> _REQUIRED WORK_
Only lines containing "thesis" belong in the answer, each copied from the entries below.

> _DATASET RECORDS_
BEGIN
lemma norm_one_minus_factor_poly_grid_le:
  fixes L N k :: nat and r :: real and w :: complex
  assumes r: "r = 1 - 4 / real (L + 1)" and "3 \<le> L" and "cmod w \<le> 1" and "1 \<le> N"
  defines "d \<equiv> min (grid_offset N (Arg w) k) (N - 1 - grid_offset N (Arg w) k)"
  shows "cmod (1 - poly (factor_poly L r) (w * cis (- (2 * pi * real k / real N)))) \<le>
    (if d = 0 then 2 else 0) + 5 / 3 * (4 / real (L + 1)) * real N * inverse (real d)"
proof -
  define u where "u = w * cis (- (2 * pi * real k / real N))"
  have "cmod u \<le> 1"
    using \<open>cmod w \<le> 1\<close> by (simp add: u_def norm_mult)
  note bounds = factor_poly_bounds[OF r \<open>3 \<le> L\<close> this]
  have "0 \<le> r" "r \<le> 1"
    using \<open>3 \<le> L\<close> by (simp_all add: r field_simps)
  then have lower: "3 / 4 * (real d / real N) \<le> cmod (1 - of_real r * u)"
    unfolding u_def d_def using assms by (intro norm_one_minus_scaled_grid_ge)
  show ?thesis
  proof (cases "d = 0")
    case True
    have "cmod (1 - poly (factor_poly L r) u) \<le> 1 + cmod (poly (factor_poly L r) u)"
      using norm_triangle_ineq4[of 1 "poly (factor_poly L r) u"] by simp
    with bounds(1) True show ?thesis
      by (simp add: u_def)
  next
    case False
    have "0 < 3 / 4 * (real d / real N)"
      using False \<open>1 \<le> N\<close> by simp
    moreover have "3 / 4 * (real d / real N) * cmod (1 - poly (factor_poly L r) u) \<le> 5 / 4 * (4 / real (L + 1))"
      using order.trans[OF mult_right_mono[OF lower norm_ge_zero] bounds(2)] .
    ultimately have "cmod (1 - poly (factor_poly L r) u) \<le> 5 / 4 * (4 / real (L + 1)) / (3 / 4 * (real d / real N))"
      by (simp only: pos_le_divide_eq mult.commute)
    also have "\<dots> = 5 / 3 * (4 / real (L + 1)) * real N * inverse (real d)"
      using False \<open>1 \<le> N\<close> by (simp add: field_simps del: of_nat_Suc)
    finally show ?thesis
      using False by (simp add: u_def)
  qed
qed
END
> _RESPONSE TO THE TASK_
  show ?thesis
    with bounds(1) True show ?thesis
    finally show ?thesis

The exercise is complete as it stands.